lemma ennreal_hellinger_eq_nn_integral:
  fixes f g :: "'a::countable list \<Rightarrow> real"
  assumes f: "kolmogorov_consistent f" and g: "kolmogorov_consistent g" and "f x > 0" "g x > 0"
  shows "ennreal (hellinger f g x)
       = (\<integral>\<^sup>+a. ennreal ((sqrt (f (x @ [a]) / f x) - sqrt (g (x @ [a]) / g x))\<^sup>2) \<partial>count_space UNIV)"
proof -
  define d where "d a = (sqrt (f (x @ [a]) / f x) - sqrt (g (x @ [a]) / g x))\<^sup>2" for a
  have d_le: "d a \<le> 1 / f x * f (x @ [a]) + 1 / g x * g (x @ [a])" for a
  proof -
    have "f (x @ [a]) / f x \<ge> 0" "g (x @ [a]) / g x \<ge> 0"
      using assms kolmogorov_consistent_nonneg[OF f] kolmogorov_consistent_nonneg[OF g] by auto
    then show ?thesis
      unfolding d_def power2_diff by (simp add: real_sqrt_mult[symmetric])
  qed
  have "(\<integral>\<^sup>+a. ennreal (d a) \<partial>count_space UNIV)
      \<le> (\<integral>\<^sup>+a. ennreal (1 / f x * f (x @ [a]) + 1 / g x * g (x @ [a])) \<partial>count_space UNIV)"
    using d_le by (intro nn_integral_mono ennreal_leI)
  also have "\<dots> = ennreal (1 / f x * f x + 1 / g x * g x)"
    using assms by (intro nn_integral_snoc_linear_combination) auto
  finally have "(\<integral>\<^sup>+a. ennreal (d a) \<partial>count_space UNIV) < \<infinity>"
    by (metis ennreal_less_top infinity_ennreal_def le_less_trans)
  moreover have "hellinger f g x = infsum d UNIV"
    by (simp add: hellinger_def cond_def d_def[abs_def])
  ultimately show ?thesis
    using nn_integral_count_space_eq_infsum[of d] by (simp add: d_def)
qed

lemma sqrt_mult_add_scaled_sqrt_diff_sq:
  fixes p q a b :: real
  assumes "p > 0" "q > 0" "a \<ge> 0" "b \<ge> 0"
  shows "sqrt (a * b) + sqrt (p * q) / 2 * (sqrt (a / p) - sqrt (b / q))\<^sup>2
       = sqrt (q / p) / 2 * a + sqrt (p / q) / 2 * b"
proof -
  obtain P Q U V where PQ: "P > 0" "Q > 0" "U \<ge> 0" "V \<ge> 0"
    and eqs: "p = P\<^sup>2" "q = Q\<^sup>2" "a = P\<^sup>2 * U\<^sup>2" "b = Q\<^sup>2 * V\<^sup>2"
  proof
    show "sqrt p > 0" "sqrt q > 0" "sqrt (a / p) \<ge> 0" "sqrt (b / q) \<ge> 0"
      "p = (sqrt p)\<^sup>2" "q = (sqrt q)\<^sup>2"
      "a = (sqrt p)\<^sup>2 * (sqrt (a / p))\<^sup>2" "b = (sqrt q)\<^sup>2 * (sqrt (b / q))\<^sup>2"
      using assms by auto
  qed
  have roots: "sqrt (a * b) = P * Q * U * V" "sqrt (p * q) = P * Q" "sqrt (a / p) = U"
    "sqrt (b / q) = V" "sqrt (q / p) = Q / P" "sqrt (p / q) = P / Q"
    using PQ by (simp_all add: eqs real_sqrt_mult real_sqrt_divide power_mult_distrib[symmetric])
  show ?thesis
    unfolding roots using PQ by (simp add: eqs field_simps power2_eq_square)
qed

# [Aim of the exercise]
Nothing in the listing may be left out; repeat it all exactly.

# [Solution for this problem]
lemma ennreal_hellinger_eq_nn_integral:
  fixes f g :: "'a::countable list \<Rightarrow> real"
  assumes f: "kolmogorov_consistent f" and g: "kolmogorov_consistent g" and "f x > 0" "g x > 0"
  shows "ennreal (hellinger f g x)
       = (\<integral>\<^sup>+a. ennreal ((sqrt (f (x @ [a]) / f x) - sqrt (g (x @ [a]) / g x))\<^sup>2) \<partial>count_space UNIV)"
proof -
  define d where "d a = (sqrt (f (x @ [a]) / f x) - sqrt (g (x @ [a]) / g x))\<^sup>2" for a
  have d_le: "d a \<le> 1 / f x * f (x @ [a]) + 1 / g x * g (x @ [a])" for a
  proof -
    have "f (x @ [a]) / f x \<ge> 0" "g (x @ [a]) / g x \<ge> 0"
      using assms kolmogorov_consistent_nonneg[OF f] kolmogorov_consistent_nonneg[OF g] by auto
    then show ?thesis
      unfolding d_def power2_diff by (simp add: real_sqrt_mult[symmetric])
  qed
  have "(\<integral>\<^sup>+a. ennreal (d a) \<partial>count_space UNIV)
      \<le> (\<integral>\<^sup>+a. ennreal (1 / f x * f (x @ [a]) + 1 / g x * g (x @ [a])) \<partial>count_space UNIV)"
    using d_le by (intro nn_integral_mono ennreal_leI)
  also have "\<dots> = ennreal (1 / f x * f x + 1 / g x * g x)"
    using assms by (intro nn_integral_snoc_linear_combination) auto
  finally have "(\<integral>\<^sup>+a. ennreal (d a) \<partial>count_space UNIV) < \<infinity>"
    by (metis ennreal_less_top infinity_ennreal_def le_less_trans)
  moreover have "hellinger f g x = infsum d UNIV"
    by (simp add: hellinger_def cond_def d_def[abs_def])
  ultimately show ?thesis
    using nn_integral_count_space_eq_infsum[of d] by (simp add: d_def)
qed

lemma sqrt_mult_add_scaled_sqrt_diff_sq:
  fixes p q a b :: real
  assumes "p > 0" "q > 0" "a \<ge> 0" "b \<ge> 0"
  shows "sqrt (a * b) + sqrt (p * q) / 2 * (sqrt (a / p) - sqrt (b / q))\<^sup>2
       = sqrt (q / p) / 2 * a + sqrt (p / q) / 2 * b"
proof -
  obtain P Q U V where PQ: "P > 0" "Q > 0" "U \<ge> 0" "V \<ge> 0"
    and eqs: "p = P\<^sup>2" "q = Q\<^sup>2" "a = P\<^sup>2 * U\<^sup>2" "b = Q\<^sup>2 * V\<^sup>2"
  proof
    show "sqrt p > 0" "sqrt q > 0" "sqrt (a / p) \<ge> 0" "sqrt (b / q) \<ge> 0"
      "p = (sqrt p)\<^sup>2" "q = (sqrt q)\<^sup>2"
      "a = (sqrt p)\<^sup>2 * (sqrt (a / p))\<^sup>2" "b = (sqrt q)\<^sup>2 * (sqrt (b / q))\<^sup>2"
      using assms by auto
  qed
  have roots: "sqrt (a * b) = P * Q * U * V" "sqrt (p * q) = P * Q" "sqrt (a / p) = U"
    "sqrt (b / q) = V" "sqrt (q / p) = Q / P" "sqrt (p / q) = P / Q"
    using PQ by (simp_all add: eqs real_sqrt_mult real_sqrt_divide power_mult_distrib[symmetric])
  show ?thesis
    unfolding roots using PQ by (simp add: eqs field_simps power2_eq_square)
qed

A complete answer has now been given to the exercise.